TASK INSTRUCTIONS
Nothing may be left out, so copy every entry exactly.

DATA RECORDS
lemma chart_path:
  "\<bar>a\<bar> + \<bar>b\<bar> = int k \<Longrightarrow> int k \<le> t \<Longrightarrow> (\<sigma> (p, q, t), chart (a, b)) \<in> octE n ^^ k"
proof (induction k arbitrary: a b)
  case 0
  then have "a = 0" "b = 0" by auto
  then show ?case by (simp add: chart_origin)
next
  case (Suc k)
  define a' where "a' = (if a > 0 then a - 1 else if a < 0 then a + 1 else a)"
  define b' where "b' = (if a \<noteq> 0 then b else if b > 0 then b - 1 else b + 1)"
  have norm': "\<bar>a'\<bar> + \<bar>b'\<bar> = int k" and step: "\<bar>a - a'\<bar> + \<bar>b - b'\<bar> = 1"
    using Suc.prems(1) by (auto simp: a'_def b'_def)
  have "(\<sigma> (p, q, t), chart (a', b')) \<in> octE n ^^ k"
    using Suc.IH[OF norm'] Suc.prems(2) by simp
  moreover have "(chart (a', b'), chart (a, b)) \<in> octE n"
    using chart_adjacent[OF _ _ step] Suc.prems norm' by (simp add: octE_def)
  ultimately show ?case by auto
qed

lemma chart_eq_centre_iff: "chart (a, b) = \<sigma> (p, q, t) \<longleftrightarrow> a = 0 \<and> b = 0"
  using inj_chart by (auto simp: inj_eq simp flip: chart_origin)

lemma octDist_centre_chart:
  assumes "\<bar>a\<bar> + \<bar>b\<bar> = int k" and "0 < k" and "int k \<le> t"
  shows "0 < octDist n (\<sigma> (p, q, t)) (chart (a, b))"
    and "octDist n (\<sigma> (p, q, t)) (chart (a, b)) \<le> k"
proof -
  have path: "(\<sigma> (p, q, t), chart (a, b)) \<in> octE n ^^ k"
    using chart_path assms(1,3) .
  have "chart (a, b) \<noteq> \<sigma> (p, q, t)"
    using assms(1,2) by (auto simp: chart_eq_centre_iff)
  then show "0 < octDist n (\<sigma> (p, q, t)) (chart (a, b))"
    using octDist_pos[OF path] by auto
  show "octDist n (\<sigma> (p, q, t)) (chart (a, b)) \<le> k"
    by (rule octDist_le[OF path])
qed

COMPLETED EXERCISE
lemma chart_path:
  "\<bar>a\<bar> + \<bar>b\<bar> = int k \<Longrightarrow> int k \<le> t \<Longrightarrow> (\<sigma> (p, q, t), chart (a, b)) \<in> octE n ^^ k"
proof (induction k arbitrary: a b)
  case 0
  then have "a = 0" "b = 0" by auto
  then show ?case by (simp add: chart_origin)
next
  case (Suc k)
  define a' where "a' = (if a > 0 then a - 1 else if a < 0 then a + 1 else a)"
  define b' where "b' = (if a \<noteq> 0 then b else if b > 0 then b - 1 else b + 1)"
  have norm': "\<bar>a'\<bar> + \<bar>b'\<bar> = int k" and step: "\<bar>a - a'\<bar> + \<bar>b - b'\<bar> = 1"
    using Suc.prems(1) by (auto simp: a'_def b'_def)
  have "(\<sigma> (p, q, t), chart (a', b')) \<in> octE n ^^ k"
    using Suc.IH[OF norm'] Suc.prems(2) by simp
  moreover have "(chart (a', b'), chart (a, b)) \<in> octE n"
    using chart_adjacent[OF _ _ step] Suc.prems norm' by (simp add: octE_def)
  ultimately show ?case by auto
qed

lemma chart_eq_centre_iff: "chart (a, b) = \<sigma> (p, q, t) \<longleftrightarrow> a = 0 \<and> b = 0"
  using inj_chart by (auto simp: inj_eq simp flip: chart_origin)

lemma octDist_centre_chart:
  assumes "\<bar>a\<bar> + \<bar>b\<bar> = int k" and "0 < k" and "int k \<le> t"
  shows "0 < octDist n (\<sigma> (p, q, t)) (chart (a, b))"
    and "octDist n (\<sigma> (p, q, t)) (chart (a, b)) \<le> k"
proof -
  have path: "(\<sigma> (p, q, t), chart (a, b)) \<in> octE n ^^ k"
    using chart_path assms(1,3) .
  have "chart (a, b) \<noteq> \<sigma> (p, q, t)"
    using assms(1,2) by (auto simp: chart_eq_centre_iff)
  then show "0 < octDist n (\<sigma> (p, q, t)) (chart (a, b))"
    using octDist_pos[OF path] by auto
  show "octDist n (\<sigma> (p, q, t)) (chart (a, b)) \<le> k"
    by (rule octDist_le[OF path])
qed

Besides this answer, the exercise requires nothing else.